CEP的に利用できる「Kinesis」
IoTに期待を寄せるのは、既存のITベンダーだけではない。IaaS/PaaSのパイオニアであるAWSが12月18日から一般提供している「Amazon Kinesis」も“CEP的”な機能を使えることで、IoT分野に活用できるものとして注目を集めている。
IoT、中でもM2Mは人が介在して判断することができない世界でもある。センサなどの機械から送信されるデータはその機械の数次第では、1秒間に数千や数万、時には数十万にもなり得る。この“ファストデータ”を処理するのに使われるのがCEPだ。CEPは、入ってきたデータをどのように処理するかを関数としてあらかじめ決めておき、受信したデータをメモリ上で処理するというものだ。
Kinesisは、基本的にはCEPと同じような機能と言える。Kinesisで提供されるJavaのソフトウェア開発キット(SDK)でアプリケーションを開発して、受信したデータをどのように処理するかがユーザーを決めることができる。ここで“CEP的”としたのは、現時点でKinesisは数秒単位で処理することが前提だからだ。
AWSのエバンジェリスト的存在とも言える、アマゾン データ サービス ジャパンの技術本部長、玉川憲氏はKinesisについて「クリックストリーム分析で1日1回のバッチ処理ではなく、よりリアルタイムに処理できるようになる」と説明した。ウェブのどこがクリックされたかというクリックストリーム分析で、データをKinesisに貯めておいて、同じくAWSから提供されるクラウドデータウェアハウス(DWH)「Amazon Redshift」で分析できるといった使い方ができる。
Kinesisは「オンプレミスのCEPソフトで連携することもできる」(玉川氏)という。Kinesisは現時点で数秒単位の処理が前提だ。ただ、これも「ユーザーからの要望自体で処理するタイムスパンを変えることもあり得る」(玉川氏)。1秒間に数千や数万のデータを処理するのではなく、数秒単位で大量のデータを処理するといった使い途であれば、Kinesisも十分にIoTに利用できる。
文明の進化としてのモノのインターネット
ここまで見てきたように、IoTはビジネスにとどまらず、消費者の暮らしを含め社会全体をガラリと変える潜在的な可能性を秘めている。
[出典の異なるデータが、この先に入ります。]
lemma Ck_Pair: "Ck k f \<Longrightarrow> Ck k g \<Longrightarrow> Ck k (\<lambda>x. (f x, g x))"
proof (induction k arbitrary: f g)
  case 0 then show ?case by (simp add: continuous_on_Pair)
next
  case (Suc k)
  show ?case
    by (rule Ck_SucI[where D="\<lambda>x v. (pderiv_dir f x v, pderiv_dir g x v)"])
      (use Suc in \<open>auto intro!: has_derivative_Pair has_derivative_Ck Ck_pderiv_dir\<close>)
qed

lemma Ck_compose_bounded_linear:
  "bounded_linear L \<Longrightarrow> Ck k f \<Longrightarrow> Ck k (\<lambda>x. L (f x))"
proof (induction k arbitrary: f)
  case 0 then show ?case
    using continuous_on_compose[OF _ linear_continuous_on] by (auto simp: o_def)
next
  case (Suc k)
  show ?case
    by (rule Ck_SucI[where D="\<lambda>x v. L (pderiv_dir f x v)"])
      (use Suc in \<open>auto intro: bounded_linear.has_derivative has_derivative_Ck Ck_pderiv_dir\<close>)
qed

lemma Ck_minus: "Ck k f \<Longrightarrow> Ck k (\<lambda>x. - f x)"
  by (rule Ck_compose_bounded_linear[OF bounded_linear_minus[OF bounded_linear_ident]])

lemma Ck_scaleR: "Ck k a \<Longrightarrow> Ck k f \<Longrightarrow> Ck k (\<lambda>x. a x *\<^sub>R f x)"
proof (induction k arbitrary: a f)
  case 0 then show ?case by (simp add: continuous_on_scaleR)
next
  case (Suc k)
  show ?case
  proof (rule Ck_SucI[where D="\<lambda>x v. a x *\<^sub>R pderiv_dir f x v + pderiv_dir a x v *\<^sub>R f x"])
    show "((\<lambda>x. a x *\<^sub>R f x) has_derivative
        (\<lambda>v. a x *\<^sub>R pderiv_dir f x v + pderiv_dir a x v *\<^sub>R f x)) (at x)" for x
      using has_derivative_scaleR[OF has_derivative_Ck[OF Suc.prems(1)] has_derivative_Ck[OF Suc.prems(2)]]
      by simp
    show "Ck k (\<lambda>x. a x *\<^sub>R pderiv_dir f x i + pderiv_dir a x i *\<^sub>R f x)" if "i \<in> Basis" for i
      using Suc.prems that
      by (intro Ck_add Suc.IH[OF Ck_Suc_imp_Ck] Suc.IH[OF _ Ck_Suc_imp_Ck] Ck_pderiv_dir) auto
  qed
qed

lemma Ck_mult:
  fixes a f :: "'a::euclidean_space \<Rightarrow> real"
  shows "Ck k a \<Longrightarrow> Ck k f \<Longrightarrow> Ck k (\<lambda>x. a x * f x)"
  using Ck_scaleR[of k a f] by simp

lemma Ck_compose_affine:
  "bounded_linear L \<Longrightarrow> Ck k f \<Longrightarrow> Ck k (\<lambda>x. f (c + L x))"
proof (induction k arbitrary: f)
  case 0
  have "continuous_on UNIV (\<lambda>x. c + L x)"
    by (intro continuous_intros linear_continuous_on 0(1))
  with 0 show ?case
    using continuous_on_compose[of UNIV "\<lambda>x. c + L x" f] continuous_on_subset by (auto simp: o_def)
next
  case (Suc k)
  have lin: "linear (pderiv_dir f y)" for y
    using Suc.prems(2) Ck_differentiable linear_pderiv_dir by blast
  have chain: "pderiv_dir f (c + L x) (L v) = (\<Sum>b\<in>Basis. (L v \<bullet> b) *\<^sub>R pderiv_dir f (c + L x) b)"
    for x v
    by (subst euclidean_representation[symmetric, of "L v"])
      (simp add: linear_sum[OF lin] linear_scale[OF lin])
  show ?case
  proof (rule Ck_SucI[where D="\<lambda>x v. pderiv_dir f (c + L x) (L v)"])
    show "((\<lambda>x. f (c + L x)) has_derivative (\<lambda>v. pderiv_dir f (c + L x) (L v))) (at x)" for x
      using has_derivative_compose[OF has_derivative_add[OF has_derivative_const
            bounded_linear.has_derivative[OF Suc.prems(1) has_derivative_ident]]
          has_derivative_Ck[OF Suc.prems(2)]]
      by (simp add: o_def)
    show "Ck k (\<lambda>x. pderiv_dir f (c + L x) (L i))" if "i \<in> Basis" for i
      unfolding chain
      using Suc by (intro Ck_sum Ck_scaleR Ck_const Suc.IH Ck_pderiv_dir) auto
  qed
qed

lemma Ck_compose_linear: "bounded_linear L \<Longrightarrow> Ck k f \<Longrightarrow> Ck k (\<lambda>x. f (L x))"
  using Ck_compose_affine[of L k f 0] by simp

lemma Ck_deriv:
  fixes f :: "real \<Rightarrow> real"
  assumes "Ck (Suc k) f"
  shows "Ck k (deriv f)"
proof -
  have "deriv f = (\<lambda>t. pderiv_dir f t 1)"
    using pderiv_dir_real[OF Ck_differentiable[OF assms]] by simp
  then show ?thesis using Ck_pderiv_dir[OF assms] by simp
qed

lemma Ck_divergence: "Ck (Suc k) g \<Longrightarrow> Ck k (divergence g)"
  unfolding divergence_def[abs_def]
  by (intro Ck_sum Ck_compose_bounded_linear[OF bounded_linear_inner_left] Ck_pderiv_dir) auto

lemma smooth_compose_linear: "bounded_linear L \<Longrightarrow> smooth f \<Longrightarrow> smooth (\<lambda>x. f (L x))"
  unfolding smooth_def using Ck_compose_linear by blast

lemma smooth_compose_fst: "smooth f \<Longrightarrow> smooth (\<lambda>x. f (fst x))"
  by (rule smooth_compose_linear[OF bounded_linear_fst])

lemma smooth_compose_snd: "smooth f \<Longrightarrow> smooth (\<lambda>x. f (snd x))"
  by (rule smooth_compose_linear[OF bounded_linear_snd])

lemma smooth_Pair: "smooth f \<Longrightarrow> smooth g \<Longrightarrow> smooth (\<lambda>x. (f x, g x))"
  unfolding smooth_def using Ck_Pair by blast

lemma smooth_scaleR: "smooth a \<Longrightarrow> smooth f \<Longrightarrow> smooth (\<lambda>x. a x *\<^sub>R f x)"
  unfolding smooth_def using Ck_scaleR by blast

lemma smooth_mult:
  fixes a f :: "'a::euclidean_space \<Rightarrow> real"
  shows "smooth a \<Longrightarrow> smooth f \<Longrightarrow> smooth (\<lambda>x. a x * f x)"
  unfolding smooth_def using Ck_mult by blast

lemma smooth_minus: "smooth f \<Longrightarrow> smooth (\<lambda>x. - f x)"
  unfolding smooth_def using Ck_minus by blast

lemma smooth_deriv:
  fixes f :: "real \<Rightarrow> real"
  shows "smooth f \<Longrightarrow> smooth (deriv f)"
  unfolding smooth_def using Ck_deriv by blast

lemma smooth_divergence: "smooth g \<Longrightarrow> smooth (divergence g)"
  unfolding smooth_def using Ck_divergence by blast

section \<open>A smooth profile function\<close>

definition exp_flat :: "real poly \<Rightarrow> real \<Rightarrow> real" where
  "exp_flat p t = (if t > 0 then poly p (inverse t) * exp (- inverse t) else 0)"

text \<open>Differentiating \<open>p(1/t) e\<^sup>-\<^sup>1\<^sup>/\<^sup>t\<close> gives \<open>q(1/t) e\<^sup>-\<^sup>1\<^sup>/\<^sup>t\<close> with \<open>q(u) = u\<^sup>2 (p(u) - p'(u))\<close>,
  so the class of such functions is closed under differentiation.\<close>
definition exp_flat_deriv_poly :: "real poly \<Rightarrow> real poly" where
  "exp_flat_deriv_poly p = [:0, 0, 1:] * (p - pderiv p)"

lemma tendsto_poly_times_exp_neg:
  fixes p :: "real poly"
  shows "((\<lambda>u. poly p u * exp (- u)) \<longlongrightarrow> 0) at_top"
proof -
  have "((\<lambda>u. \<Sum>i\<le>degree p. coeff p i * (u ^ i / exp u)) \<longlongrightarrow> (\<Sum>i\<le>degree p. coeff p i * 0)) at_top"
    by (intro tendsto_sum tendsto_mult tendsto_const tendsto_power_div_exp_0)
  then show ?thesis
    by (simp add: poly_altdef sum_divide_distrib exp_minus field_simps)
qed

lemma exp_flat_has_real_derivative_0: "(exp_flat p has_real_derivative 0) (at 0)"
  unfolding has_field_derivative_iff
proof (rule filterlim_split_at)
  show "((\<lambda>y. (exp_flat p y - exp_flat p 0) / (y - 0)) \<longlongrightarrow> 0) (at_left 0)"
    by (rule tendsto_eventually, rule eventually_mono[OF eventually_at_left_real[of "-1" 0]])
      (auto simp: exp_flat_def)
  have "((\<lambda>t. poly (pCons 0 p) (inverse t) * exp (- inverse t)) \<longlongrightarrow> 0) (at_right 0)"
    using filterlim_compose[OF tendsto_poly_times_exp_neg[of "pCons 0 p"] filterlim_inverse_at_top_right]
    by (simp add: o_def)
  moreover have "\<forall>\<^sub>F y in at_right 0. poly (pCons 0 p) (inverse y) * exp (- inverse y) =
      (exp_flat p y - exp_flat p 0) / (y - 0)"
    by (rule eventually_mono[OF eventually_at_right_real[of 0 1]]) (auto simp: exp_flat_def field_simps)
  ultimately show "((\<lambda>y. (exp_flat p y - exp_flat p 0) / (y - 0)) \<longlongrightarrow> 0) (at_right 0)"
    by (rule Lim_transform_eventually)
qed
従来、センサのネットワークには多種多様な仕様があり、相互に互換性を持たないなどの課題があった。
IoTでは、異なる複数のプロトコルをIPに統一することも利点だ。システムのアーキテクチャが単純化するため、情報を共有しやすくできる。異なるプロトコル間をつなぐ場合、もしIPという共通言語がなければ、それぞれにゲートウェイを設けるしかなく、結果としてゲートウェイが乱立することになる。そうなれば、システムは複雑化し、センサ情報の共有が難しくなり、メンテナンスコストも上がってしまうだろう。
もちろん、まだまだ課題もあり、今後の解決が待たれている。シスコIoE Value Indexが実施した調査で課題を聞いたアンケートの結果は、回答が多い順に「セキュリティへの脅威」「情報システムが変化に追い付かない」「法令やコンプライアンス上の課題」「新たな競合による競争の激化」などが挙がった。
これまでスタンドアロンだったモノがネットワークにつながった瞬間、セキュリティリスクは急に大きくなる。新しい役立つアイデアが、古い法令の前にあえなく消滅するといった話はめずらしくはない。さまざまな課題と向き合いながら、文明の進化としてのモノのインターネット化が、今後どこまで進んでいくのか、特集を通じて伝えていきたい。